Парило с раннего утра. Дедок с камушками, ступая на скрипучие доски парома
рядом со мной, вздыхал и, утирая платком свою лысую голову, говорил: «Эх, гроза
будет страшная! Скорей бы нам переправиться…» Кроме него, похоже, больше
никто не верил в то, что погода может резко испортиться. Не верил в это и я, не
хотел даже думать о том, что что-то вмешается в ход нашего возвращения и
задержит
нас тут еще на пару дней. Тогда я впервые за долгое время чувствовал себя вновь
бодрым и веселым. Еще бы! Ведь время ожидания заканчивалось и все плохое уже
оставалось позади! Вечером поезд помчит меня к дому и через несколько дней
опять начнутся сладостные сборы в Египет. Я был уверен, что теперь-то уж ничто
не помешает нам осуществить желаемое, так как вчера звонила мама и сказала, что
папку отпустили отдыхать и что он поедет устраивать наши путевки в
турагентстве.
Короче, в тот день,
двадцать седьмого июля, я был счастливее всех туристов, садившихся на
старенький паром. И я мысленно благодарил тетю Клаву за то, что она предложила
мне эту поездку на Урал, которая помогла пережить хандру и дождаться нового
путешествия в Египет. Эх, будет тогда чем похвалиться друзьям, когда в сентябре
мы вновь соберемся все вместе под сводами нашей сто восьмой школы! От
предстоящих впечатлений аж дух захватывало! И уж никакие там грозы, бурные реки
и комары не могли помешать мне вернуться домой! Вот о чем думал я, поднимаясь
на большой скрипучий паром, и даже представить себе не мог, что мое странствие
по лесам и горам на самом-то деле только еще начинается! Скажи мне тогда кто об
этом, я бы точно искупал его в бурных потоках реки, плескавшихся за кормой
нашего прямоугольного судна.
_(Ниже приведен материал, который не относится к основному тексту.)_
lemma block_equation:
  assumes j: "1 \<le> j" "j \<le> N" and l: "1 \<le> l" "l \<le> N"
  shows "G_blk j \<star> blk j l + blk j l \<star> G'_blk l = (if j = l then J_up j + J_down j else 0)"
proof -
  have "P j \<star> (G \<star> \<rho>) \<star> P l = G_blk j \<star> P j \<star> \<rho> \<star> P l"
    by (simp add: P_mprod_G[OF j] G_blk_mprod_P[OF j] flip: mprod_assoc)
  also have "\<dots> = G_blk j \<star> blk j l"
    by (simp add: blk_def mprod_assoc)
  finally have left: "P j \<star> (G \<star> \<rho>) \<star> P l = G_blk j \<star> blk j l" .
  have "P j \<star> (\<rho> \<star> G') \<star> P l = P j \<star> \<rho> \<star> (P l \<star> G'_blk l)"
    by (simp add: mprod_assoc G'_mprod_P[OF l] P_mprod_G'_blk[OF l])
  also have "\<dots> = blk j l \<star> G'_blk l"
    by (simp add: blk_def mprod_assoc)
  finally have right: "P j \<star> (\<rho> \<star> G') \<star> P l = blk j l \<star> G'_blk l" .
  have "P j \<star> lindblad N n Gm Gp gm gp \<rho> \<star> P l = 0"
    by (simp add: invariant)
  then show ?thesis
    unfolding lindblad_eq mprod_distribs P_mprod_J_mprod_P[OF j l] left right
    by simp
qed

lemma blk_entry:
  "1 \<le> j \<Longrightarrow> j \<le> N \<Longrightarrow> 1 \<le> l \<Longrightarrow> l \<le> N \<Longrightarrow>
    blk j l i i' = (if in_E j i \<and> in_E l i' then \<rho> i i' else 0)"
  unfolding blk_def by (simp add: P_mprod mprod_P)

lemma P_mprod_blk: "1 \<le> j \<Longrightarrow> j \<le> N \<Longrightarrow> P j \<star> blk j l = blk j l"
  unfolding blk_def by (simp add: P_mprod_P flip: mprod_assoc)

lemma blk_mprod_P: "1 \<le> l \<Longrightarrow> l \<le> N \<Longrightarrow> blk j l \<star> P l = blk j l"
  unfolding blk_def by (simp add: mprod_assoc P_mprod_P)

lemma Q_mprod_G_blk:
  "1 \<le> j \<Longrightarrow> j \<le> N \<Longrightarrow> Q j \<star> G_blk j = smult (cQ_blk j + cP_blk j) (Q j)"
  unfolding G_blk_def by (simp add: mprod_distribs Q_idem Q_mprod_P smult_add_left)

lemma P_diff_Q_mprod_G_blk:
  "1 \<le> j \<Longrightarrow> j \<le> N \<Longrightarrow> (P j - Q j) \<star> G_blk j = smult (cP_blk j) (P j - Q j)"
  unfolding G_blk_def
  by (simp add: mprod_distribs Q_idem Q_mprod_P P_mprod_Q P_mprod_P smult_diff)

lemma G'_blk_mprod_Q:
  "1 \<le> j \<Longrightarrow> j \<le> N \<Longrightarrow> G'_blk j \<star> Q j = smult (cnj (cQ_blk j) + cnj (cP_blk j)) (Q j)"
  unfolding G'_blk_def by (simp add: mprod_distribs Q_idem P_mprod_Q smult_add_left)

lemma G'_blk_mprod_P_diff_Q:
  "1 \<le> j \<Longrightarrow> j \<le> N \<Longrightarrow> G'_blk j \<star> (P j - Q j) = smult (cnj (cP_blk j)) (P j - Q j)"
  unfolding G'_blk_def
  by (simp add: mprod_distribs Q_idem Q_mprod_P P_mprod_Q P_mprod_P smult_diff)

lemma Re_cQ_pos: "1 \<le> k \<Longrightarrow> k < N \<Longrightarrow> Re (cQ k) > 0"
  unfolding cQ_def using Gm_pos[OF W_in_freqs, of k] by auto

lemma Re_cP_pos: "1 \<le> k \<Longrightarrow> k < N \<Longrightarrow> Re (cP k) > 0"
  unfolding cP_def using Gp_pos[OF W_in_freqs, of k] by auto

lemma Re_cP_blk_nonneg: "Re (cP_blk j) \<ge> 0"
  unfolding cP_blk_def using Re_cP_pos by (auto simp: less_imp_le)

lemma Re_cP_blk_pos: "2 \<le> j \<Longrightarrow> j \<le> N \<Longrightarrow> Re (cP_blk j) > 0"
  unfolding cP_blk_def using Re_cP_pos by auto

text \<open>cP_blk vanishes on the first block and cQ_blk on the last; N \<ge> 2 keeps them from
  vanishing on the same block.\<close>
lemma Re_cQ_blk_add_cP_blk_pos: "1 \<le> j \<Longrightarrow> j \<le> N \<Longrightarrow> Re (cQ_blk j + cP_blk j) > 0"
  using Re_cP_blk_nonneg[of j] Re_cP_blk_pos[of j] Re_cQ_pos[of j] N_ge_2
  by (cases "j < N") (auto simp: cQ_blk_def)

lemma blk_off_diagonal:
  assumes j: "1 \<le> j" "j \<le> N" and l: "1 \<le> l" "l \<le> N" and "j \<noteq> l"
  shows "blk j l = 0"
proof -
  have eq: "G_blk j \<star> blk j l + blk j l \<star> G'_blk l = 0"
    using block_equation[OF j l] \<open>j \<noteq> l\<close> by simp
  have "Re (cP_blk j) + Re (cP_blk l) > 0"
    using Re_cP_blk_nonneg[of j] Re_cP_blk_nonneg[of l] Re_cP_blk_pos[of j] Re_cP_blk_pos[of l]
      \<open>j \<noteq> l\<close> j l
    by (cases "j = 1"; cases "l = 1") auto
  then have PP: "(P j - Q j) \<star> blk j l \<star> (P l - Q l) = 0"
    by (intro sylvester_eq_0[OF eq P_diff_Q_mprod_G_blk[OF j] G'_blk_mprod_P_diff_Q[OF l]])
      (auto simp: complex_eq_iff)
  have QQ: "Q j \<star> blk j l \<star> Q l = 0"
    by (intro sylvester_eq_0[OF eq Q_mprod_G_blk[OF j] G'_blk_mprod_Q[OF l]])
      (use Re_cQ_blk_add_cP_blk_pos[OF j] Re_cQ_blk_add_cP_blk_pos[OF l] in \<open>auto simp: complex_eq_iff\<close>)
  have QP: "Q j \<star> blk j l \<star> (P l - Q l) = 0"
    by (intro sylvester_eq_0[OF eq Q_mprod_G_blk[OF j] G'_blk_mprod_P_diff_Q[OF l]])
      (use Re_cQ_blk_add_cP_blk_pos[OF j] Re_cP_blk_nonneg[of l] in \<open>auto simp: complex_eq_iff\<close>)
  have PQ: "(P j - Q j) \<star> blk j l \<star> Q l = 0"
    by (intro sylvester_eq_0[OF eq P_diff_Q_mprod_G_blk[OF j] G'_blk_mprod_Q[OF l]])
      (use Re_cQ_blk_add_cP_blk_pos[OF l] Re_cP_blk_nonneg[of j] in \<open>auto simp: complex_eq_iff\<close>)
  have "blk j l = P j \<star> blk j l \<star> P l"
    using P_mprod_blk[OF j] blk_mprod_P[OF l] by simp
  also have "\<dots> = ((P j - Q j) + Q j) \<star> blk j l \<star> ((P l - Q l) + Q l)"
    by simp
  also have "\<dots> = 0"
    unfolding mprod_add_left mprod_add_right PP QQ QP PQ by simp
  finally show ?thesis .
qed

lemma rho_Minus_Plus: "\<rho> Minus i = 0" "\<rho> Plus i = 0" "\<rho> i Minus = 0" "\<rho> i Plus = 0"
proof -
  have op: "is_op N n \<rho>"
    using state unfolding is_state_def by simp
  have basis: "Minus \<in> basis N n" "Plus \<in> basis N n"
    unfolding basis_def by auto
  show "\<rho> Minus i = 0" "\<rho> Plus i = 0"
    using supported_Omega_row[OF op supported, of "ket Minus" i]
      supported_Omega_row[OF op supported, of "ket Plus" i]
    by (simp_all add: Omega_members basis sum_basis_ket_left)
  show "\<rho> i Minus = 0" "\<rho> i Plus = 0"
    using supported_Omega_column[OF state supported, of "ket Minus" i]
      supported_Omega_column[OF state supported, of "ket Plus" i]
    by (simp_all add: Omega_members basis sum_basis_ket_right)
qed

lemma rho_off_block:
  assumes l: "1 \<le> l" "l \<le> N" and "in_E l i" "\<not> in_E l i'"
  shows "\<rho> i i' = 0 \<and> \<rho> i' i = 0"
proof (cases "i' \<in> basis N n")
  case False
  then show ?thesis
    using state in_E_basis[OF l \<open>in_E l i\<close>] unfolding is_state_def is_op_def by auto
next
  case True
  then consider "i' = Minus" | "i' = Plus" | j a where "i' = Site j a" "1 \<le> j" "j \<le> N" "a < n j"
    unfolding basis_def by auto
  then show ?thesis
  proof cases
    case (3 j a)
    then have "j \<noteq> l" "in_E j i'"
      using assms by auto
    then have "blk l j i i' = 0" "blk j l i' i = 0"
      using blk_off_diagonal 3 l by auto
    then show ?thesis
      using blk_entry[OF l 3(2,3)] blk_entry[OF 3(2,3) l] \<open>in_E l i\<close> \<open>in_E j i'\<close> by auto
  qed (simp_all add: rho_Minus_Plus)
qed

lemma mprod_P_eq_blk: "1 \<le> l \<Longrightarrow> l \<le> N \<Longrightarrow> \<rho> \<star> P l = blk l l"
  unfolding blk_def P_mprod mprod_P using rho_off_block by (auto simp: fun_eq_iff)

lemma P_mprod_eq_blk: "1 \<le> l \<Longrightarrow> l \<le> N \<Longrightarrow> P l \<star> \<rho> = blk l l"
  unfolding blk_def P_mprod mprod_P using rho_off_block by (auto simp: fun_eq_iff)

lemma Z_rho_adj_Z:
  assumes "1 \<le> k" "k \<le> N"
  shows "Z k \<star> \<rho> \<star> adj (Z k) = Z k \<star> blk k k \<star> adj (Z k)"
proof -
  have "Z k \<star> blk k k \<star> adj (Z k) = Z k \<star> P k \<star> \<rho> \<star> (P k \<star> adj (Z k))"
    unfolding blk_def by (simp add: mprod_assoc)
  then show ?thesis
    using assms by (simp add: Z_mprod_P P_mprod_adj_Z)
qed

lemma adj_Z_rho_Z:
  assumes "1 \<le> k" "Suc k \<le> N"
  shows "adj (Z k) \<star> \<rho> \<star> Z k = adj (Z k) \<star> blk (Suc k) (Suc k) \<star> Z k"
proof -
  have "adj (Z k) \<star> blk (Suc k) (Suc k) \<star> Z k
      = adj (Z k) \<star> P (Suc k) \<star> \<rho> \<star> (P (Suc k) \<star> Z k)"
    unfolding blk_def by (simp add: mprod_assoc)
  then show ?thesis
    using assms by (simp add: adj_Z_mprod_P P_mprod_Z)
qed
И тем не менее, вступив на паром, я тем самым
вышел на старт своего нового путешествия, но только не домой, и уж тем более не
в Египет, а обратно в непролазные дебри Северного Урала.
Примерно через полчаса
погрузка закончилась, и паром, ведомый загорелым, коротко стриженным крепышом в
тельняшке, брезентовых брюках и стоптанных кирзачах, не спеша, скрипя и
постанывая, неохотно отчалил от берега. Я помахал лесу рукой и мысленно
распрощался с тайгой. Тетя Клава, усевшись рядом со старичком, который зачем-то
вез домой камни, завела с ним оживленную беседу о посещении деревянного
монастыря. Я, чтобы не мешать им, отошел в угол и расположился на каких-то
серых тюках и ящиках. Парило страшно. Густое марево клубилось над водой и над
высокими кронами удаляющихся сосен. Постоянно хотелось пить. Заняться было
нечем. Батарейки в моем плейере уже давно сели, и поэтому даже послушать музыку
не представлялось возможным. От нечего делать я тогда начал рассматривать паром
и его пассажиров. Всего нас было человек тридцать пять. Двадцать шесть —туристы, а остальные — местные жители, переправлявшиеся по своим делам на
другой берег. Кроме людей на палубе находились и какие-то грузы: кроме тюков, на которых я сидел, рядом стояли еще большие маслянистые железные бочки, громоздился
штабель коробок с овощами и фруктами, лежали длинные свертки сетей и брезента.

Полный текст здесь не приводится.